* [Work to complete] Up to and including the line with "derivs_mat a b (Suc m) 0 (\<lambda>j y. g", please set down the entries below exactly, starting from the first line.
Supplied data Start Marker
lemma det_derivs_mat_step:
  assumes "a < b" "x \<in> {a..b}" "0 < m"
    and "ndiff a b m g"
    and "\<forall>j<m. \<forall>y\<in>{a..b}. dw a b (Z (Suc j)) y = g y * (real (Suc j) * Z' j y)"
    and "\<forall>y\<in>{a..b}. Z' 0 y = 1"
    and "\<forall>j<m. ndiff a b m (Z' j)"
    and "\<forall>y\<in>{a..b}. dw a b F y = g y * G y"
    and "ndiff a b m G"
  shows "det (derivs_mat a b (Suc m) 1 (with_last (Suc m) Z F) x) =
    fact m * g x ^ Suc m * det (derivs_mat a b m 1 (with_last m Z' G) x)"
proof -
  define c where "c j = (if j < m then real (Suc j) else 1)" for j
  define K where "K j = (if j < m then Z' j else G)" for j
  have K: "\<forall>j<Suc m. ndiff a b m (K j)"
    using assms(7,9) by (simp add: K_def)
  have "derivs_mat a b (Suc m) 1 (with_last (Suc m) Z F) x =
      derivs_mat a b (Suc m) 0 (\<lambda>j y. g y * (c j * K j y)) x"
    unfolding One_nat_def derivs_mat_Suc using assms(2,5,8)
    by (intro derivs_mat_cong) (auto simp: with_last_def c_def K_def)
  also have "\<dots> = leibniz_mat a b (Suc m) g x * derivs_mat a b (Suc m) 0 (\<lambda>j y. c j * K j y) x"
    using assms(1,2,4) K by (intro derivs_mat_mult) (auto intro: ndiff_cmult)
  finally have "det (derivs_mat a b (Suc m) 1 (with_last (Suc m) Z F) x) =
      g x ^ Suc m * det (derivs_mat a b (Suc m) 0 (\<lambda>j y. c j * K j y) x)"
    by (simp add: det_mult[of _ "Suc m"] det_leibniz_mat)
  also have "det (derivs_mat a b (Suc m) 0 (\<lambda>j y. c j * K j y) x) =
      fact m * det (derivs_mat a b (Suc m) 0 K x)"
    using det_derivs_mat_scale_cols[of a b x "Suc m" 0 K c] assms(1,2) K
    by (simp add: c_def fact_prod_Suc atLeast0LessThan of_nat_prod)
  also have "det (derivs_mat a b (Suc m) 0 K x) = det (derivs_mat a b m 1 (\<lambda>j. K (Suc j)) x)"
    using det_derivs_mat_const_first_col[of a b x "Suc m" K] assms(1-3,6) by (simp add: K_def)
  also have "(\<lambda>j. K (Suc j)) = with_last m Z' G"
    by (auto simp: K_def with_last_def fun_eq_iff)
  finally show ?thesis by simp
qed

definition Phi_exponent :: "nat \<Rightarrow> nat" where
  "Phi_exponent m = (if even m then m div 2 + 1 else m div 2)"

lemma Phi_exponent_Suc: "Phi_exponent (Suc m) + Phi_exponent m = Suc m"
  by (auto simp: Phi_exponent_def elim!: evenE oddE)

lemma alpha_Suc: "alpha (Suc m) = fact (Suc m) * alpha m"
  by (simp add: alpha_def prod.atLeast0_atMost_Suc)

lemma alpha_pos: "0 < alpha m"
  by (simp add: alpha_def prod_pos)

lemma det_derivs_mat_Yp_PhiD:
  assumes "a < b" "x0 \<in> {a..b}" "x \<in> {a..b}" "1 \<le> m"
    and "\<forall>y\<in>{a..b}. \<Phi> y \<noteq> 0" "ndiff a b (k + m) \<Phi>" "ndiff a b (k + m) f"
    and "\<forall>j<m. ndiff a b m (Yp \<Phi> j x0) \<and> ndiff a b m (Ypt \<Phi> j x0)"
  shows "det (derivs_mat a b m 1 (with_last m (\<lambda>j. Yp \<Phi> j x0) (PhiD a b \<Phi> k f)) x) =
      alpha (m - 1) * \<Phi> x ^ Phi_exponent m *
      dw a b (PhiD a b (if odd m then \<Phi> else (\<lambda>y. 1 / \<Phi> y)) (k + m - 1) f) x"
  using assms(4-8)
proof (induction m arbitrary: \<Phi> k rule: nat_induct_at_least)
  case base
  show ?case
    by (subst det_single) (auto simp: derivs_mat_def with_last_def alpha_def Phi_exponent_def dn_Suc)
next
  case (Suc m)
  have inv: "ndiff a b (Suc k + m) (\<lambda>y. 1 / \<Phi> y)"
    using Suc.prems assms(1) by (intro ndiff_inverse) auto
  have \<Phi>: "continuous_on {a..b} \<Phi>" "ndiff a b m \<Phi>"
    using Suc.prems(2) ndiff_continuous_on[of a b "k + m"] ndiff_mono by auto
  have Y: "ndiff a b m (Yp \<Phi> j x0)" "ndiff a b m (Ypt \<Phi> j x0)" "continuous_on {a..b} (Ypt \<Phi> j x0)"
    if "j < Suc m" for j
    using Suc.prems(4) that ndiff_mono[of a b "Suc m"] ndiff_continuous_on by auto
  have step: "det (derivs_mat a b (Suc m) 1 (with_last (Suc m) (\<lambda>j. Yp \<Phi> j x0) (PhiD a b \<Phi> k f)) x) =
      fact m * \<Phi> x ^ Suc m *
      det (derivs_mat a b m 1 (with_last m (\<lambda>j. Ypt \<Phi> j x0) (PhiD a b (\<lambda>y. 1 / \<Phi> y) (Suc k) f)) x)"
  proof (rule det_derivs_mat_step)
    show "\<forall>j<m. \<forall>y\<in>{a..b}. dw a b (Yp \<Phi> (Suc j) x0) y = \<Phi> y * (real (Suc j) * Ypt \<Phi> j x0 y)"
      using assms(1,2) \<Phi> Y by (intro allI impI ballI dw_Yp_Suc) auto
    show "\<forall>y\<in>{a..b}. dw a b (PhiD a b \<Phi> k f) y = \<Phi> y * PhiD a b (\<lambda>y. 1 / \<Phi> y) (Suc k) f y"
      using Suc.prems(1) by (simp add: PhiD_inverse)
    show "ndiff a b m (PhiD a b (\<lambda>y. 1 / \<Phi> y) (Suc k) f)"
      using assms(1) Suc.prems inv by (intro ndiff_PhiD) auto
  qed (use assms Suc.hyps Y \<Phi> in auto)
  have IH: "det (derivs_mat a b m 1 (with_last m (\<lambda>j. Ypt \<Phi> j x0) (PhiD a b (\<lambda>y. 1 / \<Phi> y) (Suc k) f)) x) =
      alpha (m - 1) * (1 / \<Phi> x) ^ Phi_exponent m *
      dw a b (PhiD a b (if odd m then (\<lambda>y. 1 / \<Phi> y) else \<Phi>) (k + Suc m - 1) f) x"
    using Suc.IH[of "\<lambda>y. 1 / \<Phi> y" "Suc k"] Suc.prems inv Y
    by (simp add: Yp_inverse Ypt_inverse)
  have factor: "fact m * \<Phi> x ^ Suc m * alpha (m - 1) * (1 / \<Phi> x) ^ Phi_exponent m =
      alpha (Suc m - 1) * \<Phi> x ^ Phi_exponent (Suc m)"
  proof -
    have "\<Phi> x ^ Suc m = \<Phi> x ^ Phi_exponent (Suc m) * \<Phi> x ^ Phi_exponent m"
      unfolding power_add[symmetric] Phi_exponent_Suc ..
    then have pow: "\<Phi> x ^ Suc m * (1 / \<Phi> x) ^ Phi_exponent m = \<Phi> x ^ Phi_exponent (Suc m)"
      using Suc.prems(1) assms(3) by (simp add: power_one_over)
    have "fact m * \<Phi> x ^ Suc m * alpha (m - 1) * (1 / \<Phi> x) ^ Phi_exponent m =
        fact m * alpha (m - 1) * (\<Phi> x ^ Suc m * (1 / \<Phi> x) ^ Phi_exponent m)"
      by (simp only: ac_simps)
    also have "\<dots> = alpha (Suc m - 1) * \<Phi> x ^ Phi_exponent (Suc m)"
      using alpha_Suc[of "m - 1"] Suc.hyps unfolding pow by simp
    finally show ?thesis .
  qed
  show ?case
    unfolding step IH mult.assoc[symmetric] factor by simp
qed
lemma scaleR_beyond_comb:
  fixes x z :: "'a::real_vector"
  assumes "e \<noteq> 0"
  shows "(1 - 1 / e) *\<^sub>R x + (1 / e) *\<^sub>R ((1 - e) *\<^sub>R x + e *\<^sub>R z) = z"
proof -
  have "(1 - 1 / e) + (1 / e) * (1 - e) = 0" using assms by (simp add: field_simps)
  then have "(1 - 1 / e) *\<^sub>R x + ((1 / e) * (1 - e)) *\<^sub>R x = 0"
    by (simp flip: scaleR_add_left)
  then show ?thesis using assms by (simp add: scaleR_add_right)
qed

lemma face_of_epigraph_affine:
  fixes g :: "'b::real_vector \<Rightarrow> real"
  assumes F: "F face_of epigraph D g" and nonvertical: "(0, 1) \<notin> aff_dir F"
    and graph: "(x, g x) \<in> F" "(y, g y) \<in> F" and u: "0 \<le> u" "u \<le> 1"
  shows "((1 - u) *\<^sub>R x + u *\<^sub>R y, g ((1 - u) *\<^sub>R x + u *\<^sub>R y)) \<in> F"
    and "g ((1 - u) *\<^sub>R x + u *\<^sub>R y) = (1 - u) * g x + u * g y"
proof -
  have "(1 - u) *\<^sub>R (x, g x) + u *\<^sub>R (y, g y) \<in> F"
    using face_of_imp_convex[OF F] graph u unfolding convex_alt by blast
  then have comb: "((1 - u) *\<^sub>R x + u *\<^sub>R y, (1 - u) * g x + u * g y) \<in> F" by simp
  from face_of_epigraph_graph[OF F nonvertical comb]
  show "g ((1 - u) *\<^sub>R x + u *\<^sub>R y) = (1 - u) * g x + u * g y" by simp
  with comb show "((1 - u) *\<^sub>R x + u *\<^sub>R y, g ((1 - u) *\<^sub>R x + u *\<^sub>R y)) \<in> F" by simp
qed
lemma node_weight_le_aggr:
  assumes "is_RT rel D lab" "lab v \<notin> NF rel" "\<not> is_leaf D v"
    and "\<And>i. i \<in> aggr_vars (Aggr (lab v) (children_seq D lab v)) \<Longrightarrow>
      weight_bound (lab (v @ [i - 1])) (env i)"
  shows "nw D lab k v \<preceq> aggr_eval pl tm e0 e1 env (Aggr (lab v) (children_seq D lab v))"
proof (cases k)
  case 0
  then show ?thesis using assms(2) by (simp add: node_weight_0 zero_nat_le)
next
  case (Suc k')
  have "nw D lab k' (v @ [i - 1]) \<preceq> env i" if "i \<in> aggr_vars (Aggr (lab v) (children_seq D lab v))" for i
    using assms(1) assms(4)[OF that] unfolding weight_bound_def by blast
  then show ?thesis
    unfolding Suc node_weight_Suc[of lab v D, OF assms(2,3)] by (rule aggr_eval_mono)
qed

lemma seq_nth_var_child:
  assumes "rel a B" "i \<in> aggr_vars (Aggr a B)"
  shows "(seq_nth B (i - 1), a) \<in> child_rel rel"
proof -
  have "enat (Suc (i - 1)) \<le> seq_len B"
    using Aggr_var_bounds[OF assms] by simp
  then show ?thesis
    using assms(1) seq_nth_in_set_seq unfolding child_rel_def by blast
qed

definition aggr_of_bounds :: "('a \<Rightarrow> 's) \<Rightarrow> 'a \<Rightarrow> 'a seq \<Rightarrow> 's" where
  "aggr_of_bounds g a B = aggr_eval pl tm e0 e1 (\<lambda>i. g (seq_nth B (i - 1))) (Aggr a B)"
theorem corollary7:
  fixes n k r t :: nat and u :: "nat \<Rightarrow> 'a::{field,finite}"
    and Fs :: "nat \<Rightarrow> nat set set"
  assumes card: "card (UNIV :: 'a set) = 2 ^ n"
    and nk: "n = 2 * k"
    and r: "1 < r" "r < k" "coprime r k"
    and u_in: "\<forall>j<k. u j \<in> subF k"
    and u_indep: "\<forall>c :: nat \<Rightarrow> bool. (\<Sum>j<k. if c j then u j else 0) = 0 \<longrightarrow> (\<forall>j<k. \<not> c j)"
    and u_span: "\<forall>y\<in>subF k. \<exists>c :: nat \<Rightarrow> bool. y = (\<Sum>j<k. if c j then u j else 0)"
    and t: "0 < t"
    and reduced: "\<forall>i<t. Fs i \<subseteq> Pow {0..<k}"
  shows "(H_vplateaued n k (Gfun k r) t (\<lambda>i x. eval_reduced (Fs i) (\<lambda>j. tr n (u j * x)))
            \<longleftrightarrow> F_vplateaued n t (\<lambda>i x. eval_reduced (Fs i) (\<lambda>j. tr n (u j * x))))
       \<and> ((2 < k \<and> (\<forall>i<t. alg_deg_le (\<lambda>x. eval_reduced (Fs i) (\<lambda>j. tr n (u j * x))) 2))
            \<longrightarrow> H_vplateaued n k (Gfun k r) t (\<lambda>i x. eval_reduced (Fs i) (\<lambda>j. tr n (u j * x)))
              \<and> \<not> H_quadratic k (Gfun k r) t (\<lambda>i x. eval_reduced (Fs i) (\<lambda>j. tr n (u j * x))))"
proof -
  interpret binary_field_ext n "TYPE('a)" k
    by unfold_locales (fact card, fact nk)
  define f where "f i x = eval_reduced (Fs i) (\<lambda>j. tr n (u j * x))" for i x
  define \<phi> where "\<phi> v c = vcomb t v (\<lambda>i c. eval_reduced (Fs i) (\<lambda>j. tr k (u j * c))) c" for v c
  \<comment> \<open>only \<open>u j \<in> subF k\<close> is needed, not that \<open>u\<close> is a basis; and \<open>2 < k\<close> follows from \<open>1 < r < k\<close>\<close>
  have u_subF: "\<forall>S\<in>Fs i. \<forall>j\<in>S. u j \<in> subF k" if "i < t" for i
    using that reduced u_in by (metis PowD atLeastLessThan_iff subsetD)
  have factor: "vcomb t v f x = \<phi> v (tr_rel x)" for v x
    unfolding vcomb_def f_def \<phi>_def by (intro sum.cong refl) (simp add: eval_reduced_tr_n u_subF)
  have \<phi>_boolean: "\<phi> v c ^ 2 = \<phi> v c" if "c \<in> subF k" for v c
    unfolding \<phi>_def using that u_subF
    by (intro vcomb_square_eq_self eval_reduced_square_eq_self tr_square_eq_self subF_mult) auto
  have f_boolean: "f i x ^ 2 = f i x" for i x
    unfolding f_def by (intro eval_reduced_square_eq_self tr_n_square_eq_self)
  have "\<forall>lam\<in>subF k - {0}. \<forall>v. plateaued n (Hcomp k (Gfun k r) t f lam v)"
    using plateaued_Hcomp[OF r _ _ factor \<phi>_boolean] by blast
  then have iff: "H_vplateaued n k (Gfun k r) t f \<longleftrightarrow> F_vplateaued n t f"
    by (rule H_vplateaued_iff_F_vplateaued)
  show ?thesis
    using iff F_vplateaued_if_quadratic[of t f, OF f_boolean] not_H_quadratic[OF tr_Gfun_not_quadratic[OF r(1,2)]]
    unfolding f_def by blast
qed

end
(* Let $\mathcal{T}$ denote the bounded linear operator on the quotient space $H_{ber}^2(D)/X$ induced by the operator $\mathcal{T}:\sum_{n\ge 0} a_n z^n\mapsto \sum_{n\ge 0} a_n z^{T(n)}$ on the Bergman space, where $X=\operatorname{span}\{1,z,z^2\}$. Then $\mathcal{T}$ is surjective on $H_{ber}^2(D)/X$. Moreover, if the Collatz conjecture holds, then \[ H_{ber}^2(D)/X=\overline{\bigcup_{n=1}^{\infty}\operatorname{Ker}(\mathcal{T}^n)}. \]
   Context: $T:\mathbb{Z}\to\mathbb{Z}$ is the (reduced) Collatz map: $T(n)=\frac{3n+1}{2}$ for odd $n$ and $T(n)=\frac n2$ for even $n$. $D$ is the open unit disk. $H_{ber}^2(D)$ is the Bergman space of holomorphic functions $f$ on $D$ with $\|f\|^2=\int_D|f|^2\,dA<\infty$ (so $\|z^n\|^2=\frac{\pi}{n+1}$). The operator $\mathcal{T}f(z)=(Sf)(\sqrt z)+\sqrt z\,(Af)(z^{3/2})$, with $Sf(z)=\frac{f(z)+f(-z)}2$, $Af(z)=\frac{f(z)-f(-z)}2$, acts on power series by $\sum a_nz^n\mapsto\sum a_n z^{T(n)}$ (i.e. $\mathcal{T}z^n=z^{T(n)}$); it is a bounded operator on $H_{ber}^2(D)$ and leaves $X=\operatorname{span}\{1,z,z^2\}$ invariant, hence induces a bounded operator on the quotient Banach space $H_{ber}^2(D)/X$. The Collatz conjecture is the statement that for every positive integer $n$ there is $k\ge 0$ with $T^k(n)=1$. *)

theory Defs
  imports "HOL-Complex_Analysis.Complex_Analysis"
begin

definition collatzT :: "int \<Rightarrow> int" where
  "collatzT n = (if odd n then (3 * n + 1) div 2 else n div 2)"

definition collatz_conjecture :: bool where
  "collatz_conjecture \<longleftrightarrow> (\<forall>n::int. n > 0 \<longrightarrow> (\<exists>k::nat. (collatzT ^^ k) n = 1))"

text \<open>The Collatz map restricted to natural numbers (it maps nat to nat).\<close>
definition collatzN :: "nat \<Rightarrow> nat" where
  "collatzN n = nat (collatzT (int n))"

text \<open>Bergman space on the unit disk: holomorphic functions with square-integrable modulus.
  Functions are only considered on the disk (values outside are irrelevant).\<close>
definition bergman :: "(complex \<Rightarrow> complex) set" where
  "bergman = {f. f holomorphic_on ball 0 1 \<and>
                 set_integrable lborel (ball 0 1) (\<lambda>z. (cmod (f z))\<^sup>2)}"

definition bnorm :: "(complex \<Rightarrow> complex) \<Rightarrow> real" where
  "bnorm f = sqrt (set_lebesgue_integral lborel (ball 0 1) (\<lambda>z. (cmod (f z))\<^sup>2))"

definition tcoeff :: "(complex \<Rightarrow> complex) \<Rightarrow> nat \<Rightarrow> complex" where
  "tcoeff f n = (deriv ^^ n) f 0 / of_nat (fact n)"

definition collatzOp :: "(complex \<Rightarrow> complex) \<Rightarrow> (complex \<Rightarrow> complex)" where
  "collatzOp f = (\<lambda>z. \<Sum>n. tcoeff f n * z ^ collatzN n)"

definition inX :: "(complex \<Rightarrow> complex) \<Rightarrow> bool" where
  "inX g \<longleftrightarrow> (\<exists>c0 c1 c2. \<forall>z\<in>ball 0 1. g z = c0 + c1 * z + c2 * z\<^sup>2)"

end

theory Submission
  imports Defs
begin

text \<open>
  Since \<open>T (2 m) = m\<close>, the operator maps \<open>g (z\<^sup>2)\<close> to \<open>g\<close>, so surjectivity modulo \<open>X\<close> only
  needs \<open>g (z\<^sup>2)\<close> to lie in the Bergman space. Both this and the density statement rest on
  Parseval's identity \<open>\<parallel>f\<parallel>\<^sup>2 = (\<Sum>n. \<bar>a\<^sub>n\<bar>\<^sup>2 \<parallel>z\<^bsup>n\<^esup>\<parallel>\<^sup>2)\<close>, which comes from the orthogonality of
  the monomials on discs, i.e. from the rotation invariance of Lebesgue measure on \<open>\<complex>\<close> (a
  rotation is a product of three shears). Parseval gives \<open>\<parallel>g (z\<^sup>2)\<parallel> \<le> \<parallel>g\<parallel>\<close>, since
  \<open>\<parallel>z\<^bsup>2m\<^esup>\<parallel> \<le> \<parallel>z\<^bsup>m\<^esup>\<parallel>\<close>, and it shows that the Taylor polynomials of \<open>f\<close> converge to \<open>f\<close>.
  Under the Collatz conjecture every exponent of a polynomial is eventually driven into
  \<open>{0, 1, 2}\<close>, which \<open>T\<close> preserves, so some power of the operator maps the polynomial into \<open>X\<close>.
\<close>

section \<open>Rotation invariance of Lebesgue measure on the plane\<close>

lemma borel_measurable_Complex [measurable (raw)]:
  "f \<in> borel_measurable M \<Longrightarrow> g \<in> borel_measurable M \<Longrightarrow> (\<lambda>x. Complex (f x) (g x)) \<in> borel_measurable M"
  unfolding Complex_eq by (intro borel_measurable_add borel_measurable_times borel_measurable_of_real) auto

lemma lborel_eq_distr_Complex:
  "(lborel :: complex measure) = distr (lborel \<Otimes>\<^sub>M lborel) borel (\<lambda>(x, y). Complex x y)"
proof (rule lborel_eqI)
  fix l u :: complex
  assume le: "\<And>b. b \<in> Basis \<Longrightarrow> l \<bullet> b \<le> u \<bullet> b"
  have "emeasure (distr (lborel \<Otimes>\<^sub>M lborel) borel (\<lambda>(x, y). Complex x y)) (box l u)
      = emeasure (lborel \<Otimes>\<^sub>M lborel) ((\<lambda>(x, y). Complex x y) -` box l u)"
    by (subst emeasure_distr) (auto simp: space_pair_measure)
  also have "(\<lambda>(x, y). Complex x y) -` box l u = box (Re l, Im l) (Re u, Im u)"
    by (auto simp: box_def Basis_complex_def Basis_prod_def inner_complex_def)
  also have "emeasure (lborel \<Otimes>\<^sub>M lborel) (box (Re l, Im l) (Re u, Im u)) = (\<Prod>b\<in>Basis. (u - l) \<bullet> b)"
    using le[of 1] le[of \<i>]
    by (simp add: lborel_prod emeasure_lborel_box_eq Basis_complex_def Basis_prod_def inner_complex_def)
  finally show "emeasure (distr (lborel \<Otimes>\<^sub>M lborel) borel (\<lambda>(x, y). Complex x y)) (box l u)
      = (\<Prod>b\<in>Basis. (u - l) \<bullet> b)" .
qed simp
Supplied data End Marker
* [Task result]
lemma det_derivs_mat_step:
  assumes "a < b" "x \<in> {a..b}" "0 < m"
    and "ndiff a b m g"
    and "\<forall>j<m. \<forall>y\<in>{a..b}. dw a b (Z (Suc j)) y = g y * (real (Suc j) * Z' j y)"
    and "\<forall>y\<in>{a..b}. Z' 0 y = 1"
    and "\<forall>j<m. ndiff a b m (Z' j)"
    and "\<forall>y\<in>{a..b}. dw a b F y = g y * G y"
    and "ndiff a b m G"
  shows "det (derivs_mat a b (Suc m) 1 (with_last (Suc m) Z F) x) =
    fact m * g x ^ Suc m * det (derivs_mat a b m 1 (with_last m Z' G) x)"
proof -
  define c where "c j = (if j < m then real (Suc j) else 1)" for j
  define K where "K j = (if j < m then Z' j else G)" for j
  have K: "\<forall>j<Suc m. ndiff a b m (K j)"
    using assms(7,9) by (simp add: K_def)
  have "derivs_mat a b (Suc m) 1 (with_last (Suc m) Z F) x =
      derivs_mat a b (Suc m) 0 (\<lambda>j y. g y * (c j * K j y)) x"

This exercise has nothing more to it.